> Task directions:
In the data below, how many lines include the string "assumes"? Give only the number.

> Records shown:
lemma Proj_add_scaled:
  assumes u: "u \<in> Vh a0 b0 N p" and z: "z \<in> Vh a0 b0 N p" and k: "k \<in> {1..L}" and y: "y \<in> {a0..b0}"
  shows "Proj k (\<lambda>y. u y + s * z y) y = Proj k u y + s * Proj k z y"
proof -
  have "\<forall>u v \<alpha> \<beta>. L2_on a0 b0 u \<longrightarrow> L2_on a0 b0 v \<longrightarrow>
      (\<forall>x\<in>{a0..b0}. Proj k (\<lambda>y. \<alpha> * u y + \<beta> * v y) x = \<alpha> * Proj k u x + \<beta> * Proj k v x)"
    using Proj_props(1)[OF u k] unfolding quasi_interp_def by blast
  then have "Proj k (\<lambda>y. 1 * u y + s * z y) y = 1 * Proj k u y + s * Proj k z y"
    using Proj_props(2)[OF u k] Proj_props(2)[OF z k] y by blast
  then show ?thesis by simp
qed

lemma has_derivs_add_scaled:
  assumes u: "u \<in> Vh a0 b0 N p" and z: "z \<in> Vh a0 b0 N p"
    and du: "has_derivs u gu Eu" and dz: "has_derivs z gz Ez"
  shows "has_derivs (\<lambda>y. u y + s * z y) (\<lambda>x. gu x + s * gz x) (\<lambda>k x. Eu k x + s * Ez k x)"
  unfolding has_derivs_def
proof (intro conjI ballI)
  show "C1_deriv_on a0 b0 (\<lambda>y. u y + s * z y) (\<lambda>x. gu x + s * gz x)"
    using du dz C1_deriv_on_add_scaled unfolding has_derivs_def by blast
  fix k assume k: "k \<in> {1..L}"
  have "C1_deriv_on a0 b0 (\<lambda>y. u y - Proj k u y + s * (z y - Proj k z y)) (\<lambda>x. Eu k x + s * Ez k x)"
    using du dz k C1_deriv_on_add_scaled unfolding has_derivs_def by blast
  then show "C1_deriv_on a0 b0 (\<lambda>y. u y + s * z y - Proj k (\<lambda>y. u y + s * z y) y) (\<lambda>x. Eu k x + s * Ez k x)"
    by (rule C1_deriv_on_cong) (simp add: Proj_add_scaled[OF u z k] algebra_simps)
qed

> Answer area:
2